[Stored data]
########

(* Fix $L>0$ and $0\le\bar h<h$ (and lane length $d>0$). Then for every $\bar\alpha\in[0,1]$ and every $n\ge1$, $$\frac{n\,c^{UB}(\bar\alpha)}{n\,c(\bar\alpha)}\;\le\;2\,\frac{L+h-\sqrt{(L+h)(L+\bar h)}}{h-\bar h}\;\le\;2,$$ and $$\frac{n\,c^{UB}(\bar\alpha)}{C^*_n(\bar\alpha)}\;\le\;\frac{2n(L+h)}{(2n-1)(L+h)+\sqrt{(L+h)(L+\bar h)}}\;\le\;\frac{2n}{2n-1},$$ where $C^*_n(\bar\alpha)=\max\{C(\boldsymbol{\alpha}):\boldsymbol{\alpha}\in[0,1]^n,\ G(\boldsymbol{\alpha})=0\}$. (Here $n\,c^{UB}(\bar\alpha)$ is the common total upper-bound capacity of every feasible $\boldsymbol\beta$, i.e. $C^{UB}(\boldsymbol\beta^* )$, and $n\,c(\bar\alpha)$ is the worst-case total capacity $C(\boldsymbol\alpha_* )$; thus the first inequality bounds the price of negligence $\Lambda$ and the second bounds the price of no control $\Gamma$.)
   Context: Model of a road with $n\ge1$ parallel lanes of common length $d>0$. Vehicles have length $L>0$. A vehicle keeps a headway (space gap) $\bar h$ to the vehicle in front of it if both it and the vehicle in front are autonomous, and headway $h$ otherwise, where $0\le \bar h<h$. Set $k_1=(L+h)/d$ and $k_2=(h-\bar h)/d$. The capacity of a lane with autonomy level $\alpha\in[0,1]$ (vehicle types i.i.d. Bernoulli with probability $\alpha$ of being autonomous) is $c(\alpha)=\frac{1}{k_1-k_2\alpha^2}$, and the upper-bound capacity (all autonomous vehicles in the lane platooned together) is $c^{UB}(\beta)=\frac{1}{k_1-k_2\beta}$. Let $\bar\alpha\in[0,1]$ be the overall fraction of autonomous vehicles on the road. For $\boldsymbol{\alpha}\in[0,1]^n$ let $C(\boldsymbol{\alpha})=\sum_{i=1}^n c(\alpha_i)$ and $G(\boldsymbol{\alpha})=\sum_{i=1}^n(\alpha_i-\bar\alpha)c(\alpha_i)$. The price of negligence $\Lambda$ is the supremum over $\bar\alpha,n$ of the ratio of the optimal upper-bound total capacity $C^{UB}(\boldsymbol\beta^* )$ to the minimum of $C$ under $G=0$; the price of no control $\Gamma$ is the supremum over $\bar\alpha,n$ of the ratio of $C^{UB}(\boldsymbol\beta^* )$ to the maximum of $C$ under $G=0$. *)

theory Defs
  imports Complex_Main
begin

########

Exact reproduction of every entry is needed.

Exercise result:
(* Fix $L>0$ and $0\le\bar h<h$ (and lane length $d>0$). Then for every $\bar\alpha\in[0,1]$ and every $n\ge1$, $$\frac{n\,c^{UB}(\bar\alpha)}{n\,c(\bar\alpha)}\;\le\;2\,\frac{L+h-\sqrt{(L+h)(L+\bar h)}}{h-\bar h}\;\le\;2,$$ and $$\frac{n\,c^{UB}(\bar\alpha)}{C^*_n(\bar\alpha)}\;\le\;\frac{2n(L+h)}{(2n-1)(L+h)+\sqrt{(L+h)(L+\bar h)}}\;\le\;\frac{2n}{2n-1},$$ where $C^*_n(\bar\alpha)=\max\{C(\boldsymbol{\alpha}):\boldsymbol{\alpha}\in[0,1]^n,\ G(\boldsymbol{\alpha})=0\}$. (Here $n\,c^{UB}(\bar\alpha)$ is the common total upper-bound capacity of every feasible $\boldsymbol\beta$, i.e. $C^{UB}(\boldsymbol\beta^* )$, and $n\,c(\bar\alpha)$ is the worst-case total capacity $C(\boldsymbol\alpha_* )$; thus the first inequality bounds the price of negligence $\Lambda$ and the second bounds the price of no control $\Gamma$.)
   Context: Model of a road with $n\ge1$ parallel lanes of common length $d>0$. Vehicles have length $L>0$. A vehicle keeps a headway (space gap) $\bar h$ to the vehicle in front of it if both it and the vehicle in front are autonomous, and headway $h$ otherwise, where $0\le \bar h<h$. Set $k_1=(L+h)/d$ and $k_2=(h-\bar h)/d$. The capacity of a lane with autonomy level $\alpha\in[0,1]$ (vehicle types i.i.d. Bernoulli with probability $\alpha$ of being autonomous) is $c(\alpha)=\frac{1}{k_1-k_2\alpha^2}$, and the upper-bound capacity (all autonomous vehicles in the lane platooned together) is $c^{UB}(\beta)=\frac{1}{k_1-k_2\beta}$. Let $\bar\alpha\in[0,1]$ be the overall fraction of autonomous vehicles on the road. For $\boldsymbol{\alpha}\in[0,1]^n$ let $C(\boldsymbol{\alpha})=\sum_{i=1}^n c(\alpha_i)$ and $G(\boldsymbol{\alpha})=\sum_{i=1}^n(\alpha_i-\bar\alpha)c(\alpha_i)$. The price of negligence $\Lambda$ is the supremum over $\bar\alpha,n$ of the ratio of the optimal upper-bound total capacity $C^{UB}(\boldsymbol\beta^* )$ to the minimum of $C$ under $G=0$; the price of no control $\Gamma$ is the supremum over $\bar\alpha,n$ of the ratio of $C^{UB}(\boldsymbol\beta^* )$ to the maximum of $C$ under $G=0$. *)

theory Defs
  imports Complex_Main
begin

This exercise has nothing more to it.